Some characteristics that distinguish RPA from other automation technologies such as Business Process Management Systems (BPMS) are that RPA is located at the top of existing systems and accesses to these platforms through the presentation layer, so the programming logic of the underlying systems is not touched [12, 46]. Unlike the majority of the BPMs modeling packages, RPA software solutions do not require programming skills to configure the software interface [56,57]. RPA is configured to work simply by dragging, dropping, and linking icons. RPA does not create a new application or store any transactional data; therefore, a data model or database like BPMs is not required [28, 58].

3. Methodology

This section defines the crucial analysis phases to develop a successful RPA implementation within an organization.

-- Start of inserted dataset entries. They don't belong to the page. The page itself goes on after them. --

lemma in_le_suminf:
  assumes a: "0 \<le> a" and u: "\<And>k. in_le a (u k)" and s: "summable (\<lambda>k. norm_le a (u k))"
  shows "(\<forall>j. summable (\<lambda>k. u k j)) \<and> in_le a (\<lambda>j. \<Sum>k. u k j)
     \<and> norm_le a (\<lambda>j. \<Sum>k. u k j) \<le> (\<Sum>k. norm_le a (u k))"
proof -
  have sj: "\<And>j. summable (\<lambda>k. u k j)"
    by (rule summable_comparison_test[OF _ s]) (use abs_le_norm_le[OF a u] in auto)
  have partial: "(\<Sum>j\<in>J. weight a j * (\<Sum>k<K. u k j)\<^sup>2) \<le> (\<Sum>k. norm_le a (u k))\<^sup>2"
    if "finite J" for J K
  proof -
    have "norm_le a (\<lambda>j. \<Sum>k<K. u k j) \<le> (\<Sum>k<K. norm_le a (u k))"
      using in_le_sum[of "{..<K}" a u] u by auto
    also have "\<dots> \<le> (\<Sum>k. norm_le a (u k))"
      by (rule sum_le_suminf[OF s]) (auto simp: norm_le_nonneg)
    finally have "(norm_le a (\<lambda>j. \<Sum>k<K. u k j))\<^sup>2 \<le> (\<Sum>k. norm_le a (u k))\<^sup>2"
      by (rule power_mono[OF _ norm_le_nonneg])
    moreover have "in_le a (\<lambda>j. \<Sum>k<K. u k j)" using in_le_sum[of "{..<K}" a u] u by auto
    ultimately show ?thesis using weighted_finite_sum_le_norm_le[OF _ that] by fastforce
  qed
  have "in_le a (\<lambda>j. \<Sum>k. u k j) \<and> norm_le a (\<lambda>j. \<Sum>k. u k j) \<le> (\<Sum>k. norm_le a (u k))"
  proof (rule in_le_if_weighted_finite_sums_le)
    show "0 \<le> (\<Sum>k. norm_le a (u k))" by (rule suminf_nonneg[OF s norm_le_nonneg])
    fix J :: "int set" assume J: "finite J"
    have "(\<lambda>K. \<Sum>j\<in>J. weight a j * (\<Sum>k<K. u k j)\<^sup>2) \<longlonglongrightarrow> (\<Sum>j\<in>J. weight a j * (\<Sum>k. u k j)\<^sup>2)"
      by (intro tendsto_intros summable_LIMSEQ sj)
    thus "(\<Sum>j\<in>J. weight a j * (\<Sum>k. u k j)\<^sup>2) \<le> (\<Sum>k. norm_le a (u k))\<^sup>2"
      by (rule LIMSEQ_le_const2) (use partial[OF J] in auto)
  qed
  thus ?thesis using sj by blast
qed

lemma in_X_if_norm_le_le:
  assumes r: "0 < r" and u: "\<And>n. in_le a (u n)" and b: "\<And>n. norm_le a (u n) \<le> b n"
    and s: "summable (\<lambda>n. r ^ n * b n)"
  shows "in_X a r u \<and> norm_X a r u \<le> (\<Sum>n. r ^ n * b n)"
proof -
  have le: "\<And>n. r ^ n * norm_le a (u n) \<le> r ^ n * b n"
    using b r by (simp add: mult_left_mono)
  have s2: "summable (\<lambda>n. r ^ n * norm_le a (u n))"
    by (rule summable_comparison_test[OF _ s]) (use le r norm_le_nonneg in auto)
  show ?thesis unfolding in_X_def norm_X_def using u s2 suminf_le[OF le s2 s] by auto
qed

lemma norm_X_nonneg: "0 < r \<Longrightarrow> in_X a r u \<Longrightarrow> 0 \<le> norm_X a r u"
  unfolding in_X_def norm_X_def by (auto intro!: suminf_nonneg simp: norm_le_nonneg)

lemma norm_le_le_norm_X:
  assumes r: "0 < r" and u: "in_X a r u"
  shows "norm_le a (u n) \<le> norm_X a r u / r ^ n"
proof -
  have "(\<Sum>i\<in>{n}. r ^ i * norm_le a (u i)) \<le> norm_X a r u"
    unfolding norm_X_def using u r by (intro sum_le_suminf) (auto simp: in_X_def norm_le_nonneg)
  thus ?thesis using r by (simp add: field_simps)
qed

lemma abs_le_norm_X:
  assumes "0 \<le> a" "0 < r" "in_X a r u"
  shows "\<bar>u n j\<bar> \<le> norm_X a r u / r ^ n"
  using abs_le_norm_le[of a "u n" j] norm_le_le_norm_X[of r a u n] assms
  unfolding in_X_def by fastforce

lemma norm_X_shift_le:
  assumes r: "0 < r" and v: "in_X a r v"
  shows "summable (\<lambda>n. r ^ (n + c) * norm_le a (v (n + c)))"
    and "(\<Sum>n. r ^ (n + c) * norm_le a (v (n + c))) \<le> norm_X a r v"
proof -
  have s: "summable (\<lambda>n. r ^ n * norm_le a (v n))" using v by (simp add: in_X_def)
  show "summable (\<lambda>n. r ^ (n + c) * norm_le a (v (n + c)))"
    using summable_ignore_initial_segment[OF s, of c] .
  have "0 \<le> (\<Sum>i<c. r ^ i * norm_le a (v i))" using r
    by (auto intro!: sum_nonneg simp: norm_le_nonneg)
  thus "(\<Sum>n. r ^ (n + c) * norm_le a (v (n + c))) \<le> norm_X a r v"
    unfolding norm_X_def using suminf_split_initial_segment[OF s, of c] by linarith
qed

lemma in_X_zero: "0 < r \<Longrightarrow> in_X a r (\<lambda>n j. 0) \<and> norm_X a r (\<lambda>n j. 0) \<le> 0"
  using in_X_if_norm_le_le[of r a "\<lambda>n j. 0" "\<lambda>n. 0"]
    in_le_if_weighted_finite_sums_le[of 0 a "\<lambda>j. 0"] by auto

3.1 Define Company Strategy

There are two principal methodologies a company can apply to implement RPA: top-down approach or bottom-up approach.

The Top-Down Approach: Top-down approach usually comes when the RPA initiative is conceived at a c-level, meaning this decision came and will be driven by top enterprise management. It is generally contained within a broader digital transformation initiative. Since this approach it's at a company level, there is the need to centralize RPA activities in a smaller structure that reports topping enterprise management, that is often called Center of Excellence (CoE), the group of professionals that integrate the CoE is experts in RPA and charge of:

  • Defining RPA standards and guidelines across the company

  • Manage RPA pipeline of opportunities

  • Prioritize processes

  • Build RPA automation

  • Deploy the automation to the production environment following security and IT requirements

This approach requires a broader orchestration and coordination effort to align all business units and different company departments; also, more strategic communication needs to go to all employees to motivate them to identify good automation opportunities.

The Bottom-up approach: it comes when RPA is initiated by a group of ground employees in the company; it is usually driven by either a department or cross-functional area, making the journey of building the RPA much more straightforward than the top-down approach, yet escalating the initiative to a company level could become challenging as it would require getting buy-in from a c-level. Although a small group of people can easily create the initiatives or proof of concepts, it is crucial to consider that alignment with IT and security is vital and would still need to happen to put automation in the production environment. Like any other software, RPA would need to be handled by the IT department.

If the company's readiness and reality do not fall into any of the approaches, a hybrid system could also be considered, selecting the best of the two. The most important thing to keep in mind, regardless of the process, is defining RPA strategy and journey and aligning with multiple actors like IT and security. After assessing and defining the company approach and strategy for RPA implementation, it is crucial to lay eyes on pipeline management. The pipeline will keep the initiative alive in the company. The channel could be handled by RPA leaders or CoE depending on the approach, but it is imperative to analyze processes and categorize them to understand benefits that each deliver and prioritize; accordingly, a dedicated resource or business analyst usually does this function.

3.2 Analysis ofpotential Areas for automation

As a second phase, it is essential to identify the potential areas of automation inside the company. Fig. 1 illustrates some susceptible processes to automate.

Source: Own elaboration

Figure 1 Potential automation areas with common processes.  

3.3 Processes identification and analysis

Fig. 2 illustrates the process identification and analysis flowchart that allows the incredible creation of technical guidelines with a robotics perspective and automated implementations.

Source: Own elaboration.

Figure 2 Diagram of process identification and mapping.  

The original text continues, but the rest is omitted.